lemma circle_winding_sub:
  assumes "norm (b - a) < r"
  shows "circle_winding (\<lambda>x. x - b) a r = 1"
  using winding_number_circlepath[OF assms]
  by (simp add: circle_winding_def o_def winding_number_offset[symmetric])

lemma circle_winding_cnj_sub:
  assumes "norm (b - a) < r"
  shows "circle_winding (\<lambda>x. cnj (x - b)) a r = -1"
proof -
  let ?p = "\<lambda>t. circlepath a r t - b"
  have "0 < r" using assms by (meson norm_ge_zero le_less_trans)
  then have "\<forall>x\<in>sphere a r. x - b \<noteq> 0" using assms by (auto simp: dist_norm norm_minus_commute)
  then have p: "path ?p" "0 \<notin> path_image ?p"
    using path_circlepath[of a r] zero_notin_path_image_comp_circlepath[of a r "\<lambda>x. x - b"] \<open>0 < r\<close>
    unfolding path_def by (auto simp: o_def intro!: continuous_intros)
  have "circle_winding (\<lambda>x. cnj (x - b)) a r = winding_number (cnj \<circ> ?p) (cnj 0)"
    by (simp add: circle_winding_def o_def)
  also have "\<dots> = - cnj (winding_number ?p 0)" by (rule winding_number_cnj[OF p])
  also have "winding_number ?p 0 = 1"
    using circle_winding_sub[OF assms] by (simp add: circle_winding_def o_def)
  finally show ?thesis by simp
qed

text \<open>A loop of winding number zero in \<open>-{0}\<close> is null-homotopic, and null-homotopic maps out of
  a circle extend continuously over the disc.\<close>

lemma nonvanishing_extension_to_cball:
  assumes "continuous_on (sphere a r) g" "\<forall>x\<in>sphere a r. g x \<noteq> 0" "0 < r"
    "circle_winding g a r = 0"
  obtains h where "continuous_on (cball a r) h" "\<forall>x\<in>cball a r. h x \<noteq> 0"
    "\<forall>x\<in>sphere a r. h x = g x"
proof -
  let ?p = "g \<circ> circlepath a r" and ?t = "\<lambda>z. Arg2pi z / (2 * pi)"
  have "path ?p" "0 \<notin> path_image ?p"
    using assms by (intro path_comp_circlepath zero_notin_path_image_comp_circlepath; simp)+
  then obtain k where k: "homotopic_loops (-{0}) ?p (\<lambda>t. k)"
    using winding_number_homotopic_loops_null_eq assms(4) unfolding circle_winding_def by blast
  have eq: "(?p \<circ> ?t) z = g (a + of_real r * z)" if "z \<in> sphere 0 1" for z
  proof -
    have "exp (\<i> * of_real (Arg2pi z)) = z" using that by (simp add: complex_norm_eq_1_exp)
    moreover have "2 * of_real pi * \<i> * of_real (?t z) = \<i> * of_real (Arg2pi z)"
      by (simp add: field_simps)
    ultimately show ?thesis by (simp add: circlepath)
  qed
  have "homotopic_with_canon (\<lambda>h. True) (sphere 0 1) (-{0}) (\<lambda>z. g (a + of_real r * z)) (\<lambda>z. k)"
    by (rule homotopic_with_eq[OF homotopic_loops_imp_homotopic_circlemaps[OF k]])
       (auto simp: eq[symmetric])
  then obtain G where G: "continuous_on (cball 0 1) G" "G ` cball 0 1 \<subseteq> -{0}"
    "\<forall>x\<in>sphere 0 1. G x = g (a + of_real r * x)"
    using nullhomotopic_from_sphere_extension[of 0 1 "-{0}" "\<lambda>z. g (a + of_real r * z)"] by blast
  have cball: "(x - a) / of_real r \<in> cball 0 1" if "x \<in> cball a r" for x
    using that assms(3) by (auto simp: dist_norm norm_divide norm_minus_commute)
  have sphere: "(x - a) / of_real r \<in> sphere 0 1" if "x \<in> sphere a r" for x
    using that assms(3) by (auto simp: dist_norm norm_divide norm_minus_commute)
  show ?thesis
  proof
    show "continuous_on (cball a r) (\<lambda>x. G ((x - a) / of_real r))"
      by (rule continuous_on_compose2[OF G(1)]) (use assms(3) in \<open>auto intro!: continuous_intros cball\<close>)
    show "\<forall>x\<in>cball a r. G ((x - a) / of_real r) \<noteq> 0" using G(2) cball by blast
    show "\<forall>x\<in>sphere a r. G ((x - a) / of_real r) = g x" using G(3) sphere assms(3) by simp
  qed
qed

lemma continuous_on_patch_cball:
  assumes "continuous_on (cball a r) h" "continuous_on (S - ball a r) g"
    "\<forall>x\<in>sphere a r. h x = g x" "cball a r \<subseteq> S"
  shows "continuous_on S (\<lambda>x. if x \<in> ball a r then h x else g x)"
proof -
  let ?T = "cball a r \<union> (S - ball a r)"
  have "S - ball a r = ?T \<inter> - ball a r" using assms(4) by auto
  then have "closedin (top_of_set ?T) (S - ball a r)"
    by (metis closedin_closed_Int open_ball closed_Compl)
  moreover have "closedin (top_of_set ?T) (cball a r)" by (simp add: closed_subset)
  ultimately have "continuous_on ?T (\<lambda>x. if x \<in> ball a r then h x else g x)"
    using assms(1-3) by (intro continuous_on_cases_local) auto
  moreover have "?T = S" using assms(4) by auto
  ultimately show ?thesis by simp
qed

definition local_index :: "(complex \<Rightarrow> complex) \<Rightarrow> complex \<Rightarrow> int" where
  "local_index g a =
     (THE k::int. eventually (\<lambda>r. winding_number (g \<circ> circlepath a r) 0 = of_int k) (at_right 0))"

lemma sm_eq_local_index: "sm c a = local_index (mp_fun c) a"
  by (simp add: sm_def local_index_def)

lemma local_index_eqI:
  assumes "0 < r0" "\<And>r. 0 < r \<Longrightarrow> r \<le> r0 \<Longrightarrow> circle_winding g a r = of_int k"
  shows "local_index g a = k"
proof -
  have ev: "eventually (\<lambda>r. winding_number (g \<circ> circlepath a r) 0 = of_int k) (at_right 0)"
    unfolding eventually_at_right_field using assms circle_winding_def by (intro exI[of _ r0]) auto
  show ?thesis unfolding local_index_def
  proof (rule the_equality)
    fix j :: int
    assume "eventually (\<lambda>r. winding_number (g \<circ> circlepath a r) 0 = of_int j) (at_right 0)"
    with ev have "eventually (\<lambda>r::real. (of_int j :: complex) = of_int k) (at_right 0)"
      by eventually_elim auto
    then show "j = k" by (simp add: trivial_limit_at_right_real del: of_int_eq_iff) simp
  qed (rule ev)
qed

lemma circle_winding_eq_local_index:
  assumes "continuous_on (cball a r0 - {a}) g" "\<forall>x\<in>cball a r0 - {a}. g x \<noteq> 0" "0 < r" "r \<le> r0"
  shows "circle_winding g a r = of_int (local_index g a)"
proof -
  have "sphere a r0 \<subseteq> cball a r0 - {a}" using assms(3,4) by auto
  then have "circle_winding g a r0 \<in> \<int>"
    using assms by (intro circle_winding_in_Ints) (auto intro: continuous_on_subset)
  then obtain k where k: "circle_winding g a r0 = of_int k" by (auto elim: Ints_cases)
  have all: "circle_winding g a s = of_int k" if "0 < s" "s \<le> r0" for s
    using that assms k by (subst circle_winding_annulus_eq[OF assms(1,2), of s r0]) (auto simp: dist_commute)
  then have "local_index g a = k" using assms(3,4) by (intro local_index_eqI[of r0]) auto
  then show ?thesis using all assms(3,4) by simp
qed

lemma local_index_mult_nonvanishing:
  assumes "0 < r0" "continuous_on (cball a r0 - {a}) h" "\<forall>x\<in>cball a r0 - {a}. h x \<noteq> 0"
    "continuous_on (cball a r0) e" "\<forall>x\<in>cball a r0. e x \<noteq> 0"
    "\<forall>x\<in>cball a r0 - {a}. g x = h x * e x"
  shows "local_index g a = local_index h a"
proof (rule local_index_eqI[OF assms(1)])
  fix r assume r: "0 < r" "r \<le> r0"
  then have sphere: "sphere a r \<subseteq> cball a r0 - {a}" by auto
  have "circle_winding g a r = circle_winding (\<lambda>x. h x * e x) a r"
    using r sphere assms(6) by (intro circle_winding_cong) auto
  also have "\<dots> = circle_winding h a r + circle_winding e a r"
    using r sphere assms by (intro circle_winding_mult) (auto intro: continuous_on_subset)
  also have "circle_winding e a r = 0"
    using r assms by (intro circle_winding_eq_0_if_nonvanishing_on_cball) (auto intro: continuous_on_subset)
  also have "circle_winding h a r = of_int (local_index h a)"
    using r assms by (intro circle_winding_eq_local_index) auto
  finally show "circle_winding g a r = of_int (local_index h a)" by simp
qed

definition signed_power :: "complex \<Rightarrow> int \<Rightarrow> complex \<Rightarrow> complex" where
  "signed_power a k x = (if 0 \<le> k then (x - a) ^ nat k else cnj (x - a) ^ nat (- k))"

lemma continuous_on_signed_power: "continuous_on S (signed_power a k)"
  unfolding signed_power_def by (cases "0 \<le> k") (auto intro!: continuous_intros)

lemma signed_power_nonzero: "x \<noteq> a \<Longrightarrow> signed_power a k x \<noteq> 0"
  unfolding signed_power_def by auto

lemma circle_winding_signed_power:
  assumes "norm (a - b) < r"
  shows "circle_winding (signed_power a k) b r = of_int k"
proof -
  have "0 < r" using assms by (meson norm_ge_zero le_less_trans)
  have nz: "\<forall>x\<in>sphere b r. x - a \<noteq> 0" "\<forall>x\<in>sphere b r. cnj (x - a) \<noteq> 0"
    using assms by (auto simp: dist_norm norm_minus_commute)
  show ?thesis
  proof (cases "0 \<le> k")
    case True
    have "circle_winding (\<lambda>x. (x - a) ^ nat k) b r = of_nat (nat k) * circle_winding (\<lambda>x. x - a) b r"
      using nz \<open>0 < r\<close> by (intro circle_winding_power) (auto intro!: continuous_intros)
    then show ?thesis using True circle_winding_sub[OF assms] by (simp add: signed_power_def[abs_def])
  next
    case False
    have "circle_winding (\<lambda>x. cnj (x - a) ^ nat (- k)) b r =
          of_nat (nat (- k)) * circle_winding (\<lambda>x. cnj (x - a)) b r"
      using nz \<open>0 < r\<close> by (intro circle_winding_power) (auto intro!: continuous_intros)
    then show ?thesis using False circle_winding_cnj_sub[OF assms] by (simp add: signed_power_def[abs_def])
  qed
qed

lemma divide_out_local_index:
  assumes "continuous_on (S - {a}) g" "\<forall>x\<in>S - {a}. g x \<noteq> 0" "0 < r" "cball a r \<subseteq> S"
  obtains h where "continuous_on S h" "\<forall>x\<in>S. h x \<noteq> 0"
    "\<forall>x\<in>S - ball a r. g x = h x * signed_power a (local_index g a) x"
proof -
  define e where "e = signed_power a (local_index g a)"
  note that = that[folded e_def]
  define g1 where "g1 x = g x / e x" for x
  have e: "continuous_on T e" "x \<noteq> a \<Longrightarrow> e x \<noteq> 0" for T x
    by (simp_all add: e_def continuous_on_signed_power signed_power_nonzero)
  have g1: "continuous_on (S - {a}) g1" "\<forall>x\<in>S - {a}. g1 x \<noteq> 0"
    unfolding g1_def using assms(1,2) e by (auto intro!: continuous_intros)
  have g_eq: "g x = g1 x * e x" if "x \<noteq> a" for x using e(2)[OF that] by (simp add: g1_def)
  have sphere: "sphere a r \<subseteq> S - {a}" "cball a r - {a} \<subseteq> S - {a}" using assms(3,4) by auto
  have "of_int (local_index g a) = circle_winding g a r"
    using assms sphere by (intro circle_winding_eq_local_index[symmetric]) (auto intro: continuous_on_subset)
  also have "\<dots> = circle_winding (\<lambda>x. g1 x * e x) a r"
    using assms(3) g_eq by (intro circle_winding_cong) auto
  also have "\<dots> = circle_winding g1 a r + circle_winding e a r"
    using assms(3) sphere g1 e by (intro circle_winding_mult) (auto intro: continuous_on_subset)
  also have "circle_winding e a r = of_int (local_index g a)"
    unfolding e_def using assms(3) by (intro circle_winding_signed_power) simp
  finally have "circle_winding g1 a r = 0" by simp
  then obtain h0 where h0: "continuous_on (cball a r) h0" "\<forall>x\<in>cball a r. h0 x \<noteq> 0"
    "\<forall>x\<in>sphere a r. h0 x = g1 x"
    using nonvanishing_extension_to_cball[of a r g1] sphere(1) g1 assms(3)
    by (metis continuous_on_subset subsetD)
  show ?thesis
  proof (rule that)
    have "S - ball a r \<subseteq> S - {a}" using assms(3) by auto
    then show "continuous_on S (\<lambda>x. if x \<in> ball a r then h0 x else g1 x)"
      using h0 g1 assms(4) by (intro continuous_on_patch_cball) (auto intro: continuous_on_subset)
    show "\<forall>x\<in>S. (if x \<in> ball a r then h0 x else g1 x) \<noteq> 0"
      using h0(2) g1(2) assms(3) by auto
    show "\<forall>x\<in>S - ball a r. g x = (if x \<in> ball a r then h0 x else g1 x) * e x"
      using g_eq assms(3) by (metis DiffD2 centre_in_ball)
  qed
qed

lemma cball_avoiding_finite:
  assumes "finite F" "b \<notin> F" "open U" "b \<in> U"
  obtains r where "0 < r" "cball b r \<subseteq> U" "cball b r \<inter> F = {}"
proof -
  have "open (U \<inter> -F)" using assms by (simp add: open_Int open_Compl finite_imp_closed)
  then obtain r where "0 < r" "cball b r \<subseteq> U \<inter> -F" using assms open_contains_cball by blast
  then show ?thesis using that by blast
qed
(* Let $\widehat G$ be a signed ribbon graph and let $L=L_{\widehat G}\subset G\times I$ be the corresponding signed medial link, with diagram $\widetilde L=\widetilde L_{\widehat G}$, endowed with an orientation. Then $$J_L(t)=(-1)^{w(\widetilde L)}\,t^{\frac{3w(\widetilde L)-r(\widehat G)+n(\widehat G)}{4}}\,\bigl(-t^{1/2}-t^{-1/2}\bigr)^{k(\widehat G)-1}\,R_{\widehat G}\Bigl(-t-1,\,-t^{-1}-1,\,\frac{1}{-t^{1/2}-t^{-1/2}}\Bigr).$$ In particular, if $\widehat G$ is a planar ribbon graph (its surface has genus zero) with only positive edges and with underlying abstract graph $\Gamma$, then $$J_L(t)=(-1)^{w(\widetilde L)}\,t^{\frac{3w(\widetilde L)-r(\widehat G)+n(\widehat G)}{4}}\,\bigl(-t^{1/2}-t^{-1/2}\bigr)^{k(\widehat G)-1}\,T_\Gamma(-t,-t^{-1}),$$ where $T_\Gamma$ is the classical Tutte polynomial of $\Gamma$.
   Context: A ribbon graph $G$ is a graph $\Gamma=(V,E)$ (loops and multiple edges allowed) with a fixed cyclic order of edge-ends at each vertex; equivalently a compact surface with boundary that is a union of closed vertex discs and edge ribbons meeting in disjoint line segments, each segment on the boundary of exactly one vertex disc and one edge ribbon, each ribbon containing exactly two segments. The surface $G$ is oriented (counterclockwise rotation). For a ribbon graph $F$: $v(F),e(F),k(F)$ are the numbers of vertices, edges, connected components; $r(F)=v(F)-k(F)$, $n(F)=e(F)-r(F)$; $\mathrm{bc}(F)$ is the number of boundary components of the surface $F$. A spanning subgraph contains all vertices and a subset of edges; $\mathcal F(G)$ is the set of them; $\overline F=G-F$ is the complementary spanning subgraph. A signed ribbon graph $\widehat G$ is $G$ with a sign function $\varepsilon:E\to\{\pm1\}$; $r(\widehat G),n(\widehat G),k(\widehat G)$ mean those of $G$; $e_-(F)$ is the number of edges of $F$ with sign $-1$, and $s(F)=\tfrac12\bigl(e_-(F)-e_-(\overline F)\bigr)$. The signed Bollobás–Riordan polynomial is $$R_{\widehat G}(x,y,z)=\sum_{F\in\mathcal F(G)}x^{r(G)-r(F)+s(F)}\,y^{n(F)-s(F)}\,z^{k(F)-\mathrm{bc}(F)+n(F)}.$$ Diagrams and Kauffman bracket: for a link in $G\times I$ ($I=[0,1]$) in general position w.r.t. projection to $G$, a diagram is its projected immersed curve with over/under information at finitely many double points. At a crossing the $A$-splitting joins the two local regions swept by the overcrossing arc rotated according to the orientation of $G$ until it reaches the undercrossing arc; the $B$-splitting joins the other two. A state $S$ chooses a splitting at each crossing; $\alpha(S),\beta(S)$ count $A$- and $B$-splittings, $\delta(S)$ counts components of the resulting curve. $\langle\widetilde L\rangle(A,B,d)=\sum_S A^{\alpha(S)}B^{\beta(S)}d^{\delta(S)-1}$. Medial links: the medial graph $H_G$ in $G$ has one 4-valent vertex at the middle of each edge ribbon, its edges running along the ribbons and turning at vertex discs to the next ribbon in the cyclic order. Regions of $G\setminus H_G$ containing a vertex of $\Gamma$ are black, others white. The natural diagram $\widetilde L_G$ makes each vertex of $H_G$ a crossing so that the overcrossing branch, rotated according to the orientation of $G$ until the undercrossing branch, sweeps out the black regions. The signed medial link diagram $\widetilde L_{\widehat G}$ is obtained from $\widetilde L_G$ by switching overcrossing and undercrossing at crossings of negative edges. Jones polynomial: for an oriented link $L$ with diagram $\widetilde L$, the writhe $w(\widetilde L)$ is the sum over crossings of the standard crossing signs ($\pm1$) determined by the orientation, and $J_L(t):=(-1)^{w(\widetilde L)}t^{3w(\widetilde L)/4}\langle\widetilde L\rangle\bigl(t^{-1/4},t^{1/4},-t^{1/2}-t^{-1/2}\bigr)$. *)

theory Defs
  imports "HOL-Analysis.Analysis"
begin
lemma ereal_convex_on_continuous_on:
  fixes f :: "'a::euclidean_space \<Rightarrow> ereal"
  assumes "ereal_convex_on S f" and "open S" and fin: "\<forall>p\<in>S. \<bar>f p\<bar> \<noteq> \<infinity>"
  shows "continuous_on S f"
proof -
  have "convex_on S (\<lambda>p. real_of_ereal (f p))"
  proof (rule convex_onI)
    show "convex S" using assms(1) unfolding ereal_convex_on_def by blast
    fix t :: real and x y assume t: "0 < t" "t < 1" and xy: "x \<in> S" "y \<in> S"
    let ?p = "(1 - t) *\<^sub>R x + t *\<^sub>R y"
    have "?p \<in> S" using assms(1) xy t unfolding ereal_convex_on_def convex_alt by simp
    then have "ereal (real_of_ereal (f ?p)) \<le> ereal (1 - t) * ereal (real_of_ereal (f x))
        + ereal t * ereal (real_of_ereal (f y))"
      using assms(1) xy t fin unfolding ereal_convex_on_def by (simp add: ereal_real')
    then show "real_of_ereal (f ?p) \<le> (1 - t) * real_of_ereal (f x) + t * real_of_ereal (f y)"
      by simp
  qed
  then have "continuous_on S (\<lambda>p. ereal (real_of_ereal (f p)))"
    using assms(2) by (intro continuous_on_ereal convex_on_continuous)
  then show ?thesis
    using fin by (simp add: ereal_real' cong: continuous_on_cong)
qed

section \<open>Lower semicontinuity and a cone minorant\<close>

lemma ereal_lsc_on_UNIV_gt_near:
  fixes \<Phi> :: "'a::metric_space \<Rightarrow> ereal"
  assumes "ereal_lsc_on UNIV \<Phi>" and "L < \<Phi> y"
  shows "\<exists>r>0. \<forall>z. dist z y < r \<longrightarrow> L < \<Phi> z"
proof -
  have "eventually (\<lambda>z. L < \<Phi> z) (nhds y)"
    unfolding eventually_nhds_iff_sequentially
  proof (intro allI impI)
    fix X assume "X \<longlonglongrightarrow> y"
    then have "\<Phi> y \<le> liminf (\<lambda>k. \<Phi> (X k))"
      using assms(1) unfolding ereal_lsc_on_def by blast
    then show "eventually (\<lambda>k. L < \<Phi> (X k)) sequentially"
      using assms(2) unfolding le_Liminf_iff by blast
  qed
  then show ?thesis
    unfolding eventually_nhds_metric by blast
qed

definition has_cone_minorant :: "('a::metric_space \<Rightarrow> ereal) \<Rightarrow> bool" where
  "has_cone_minorant \<Phi> \<longleftrightarrow> (\<exists>z0 a b. b \<ge> 0 \<and> (\<forall>z. ereal (a - b * dist z z0) \<le> \<Phi> z))"

lemma proper_lsc_convex_has_cone_minorant:
  fixes \<Phi> :: "'a::real_normed_vector \<Rightarrow> ereal"
  assumes proper: "ereal_proper \<Phi>" and lsc: "ereal_lsc_on UNIV \<Phi>"
    and convex: "ereal_convex_on UNIV \<Phi>"
  shows "has_cone_minorant \<Phi>"
proof -
  obtain z0 c where c: "\<Phi> z0 = ereal c"
    using proper unfolding ereal_proper_def by (metis ereal_cases)
  obtain r where r: "r > 0" and near: "\<And>z. dist z z0 < r \<Longrightarrow> ereal (c - 1) < \<Phi> z"
    using ereal_lsc_on_UNIV_gt_near[OF lsc, of "ereal (c - 1)" z0] c by auto
  have "ereal (c - 1 - (2/r) * dist z z0) \<le> \<Phi> z" for z
  proof (cases "dist z z0 < r")
    case True
    have "ereal (c - 1 - (2/r) * dist z z0) \<le> ereal (c - 1)" using r by simp
    also have "\<dots> \<le> \<Phi> z" using near[OF True] by simp
    finally show ?thesis .
  next
    case False
    txt \<open>The point \<open>w\<close> on the segment from \<open>z0\<close> to \<open>z\<close> at distance \<open>r/2\<close> from \<open>z0\<close> has
      \<open>\<Phi> w > c - 1\<close>; convexity along the segment turns this into a linear bound at \<open>z\<close>.\<close>
    define d where "d = dist z z0"
    define t where "t = r / (2 * d)"
    have d: "d \<ge> r" using False d_def by simp
    have t: "0 < t" "t < 1" using r d unfolding t_def by (auto simp: field_simps)
    define w where "w = (1 - t) *\<^sub>R z0 + t *\<^sub>R z"
    have "dist w z0 = t * d"
      using t unfolding w_def d_def dist_norm by (simp add: algebra_simps flip: scaleR_diff_right)
    also have "\<dots> = r / 2" using r d unfolding t_def by (simp add: field_simps)
    finally have "ereal (c - 1) < \<Phi> w" using r by (intro near) simp
    also have "\<Phi> w \<le> ereal (1 - t) * \<Phi> z0 + ereal t * \<Phi> z"
      using convex t unfolding ereal_convex_on_def w_def by simp
    finally have lt: "ereal (c - 1) < ereal ((1 - t) * c) + ereal t * \<Phi> z"
      using c by simp
    show ?thesis
    proof (cases "\<Phi> z")
      case (real v)
      then have "t * (v - c) > -1" using lt by (simp add: algebra_simps)
      then have "v - c > -1 / t" using t by (simp add: field_simps)
      moreover have "1 / t = (2/r) * d" using r d unfolding t_def by (simp add: field_simps)
      ultimately show ?thesis using real d_def by simp
    qed (use proper in \<open>auto simp: ereal_proper_def\<close>)
  qed
  then show ?thesis
    unfolding has_cone_minorant_def using r by (intro exI[of _ z0] exI[of _ "c - 1"] exI[of _ "2/r"]) simp
qed

section \<open>The perspective of the squared norm\<close>

lemma quadratic_absorbs_linear:
  fixes x d b :: real
  assumes "x > 0"
  shows "d\<^sup>2 / (4 * x) - b\<^sup>2 * x \<le> d\<^sup>2 / (2 * x) - b * d"
proof -
  have "d\<^sup>2 / (4 * x) - b\<^sup>2 * x = d\<^sup>2 / (2 * x) - b * d - (d - 2 * b * x)\<^sup>2 / (4 * x)"
    using assms by (simp add: field_simps power2_eq_square)
  moreover have "(d - 2 * b * x)\<^sup>2 / (4 * x) \<ge> 0" using assms by simp
  ultimately show ?thesis by linarith
qed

> [What you have to do]:
Return, word for word, the lines of the data above from the line with "(simp add: complex_norm_eq_1_exp)" through the line with "(\<lambda>h. True) (sphere", inclusive.

> [Exercise output]:
    have "exp (\<i> * of_real (Arg2pi z)) = z" using that by (simp add: complex_norm_eq_1_exp)
    moreover have "2 * of_real pi * \<i> * of_real (?t z) = \<i> * of_real (Arg2pi z)"
      by (simp add: field_simps)
    ultimately show ?thesis by (simp add: circlepath)
  qed
  have "homotopic_with_canon (\<lambda>h. True) (sphere 0 1) (-{0}) (\<lambda>z. g (a + of_real r * z)) (\<lambda>z. k)"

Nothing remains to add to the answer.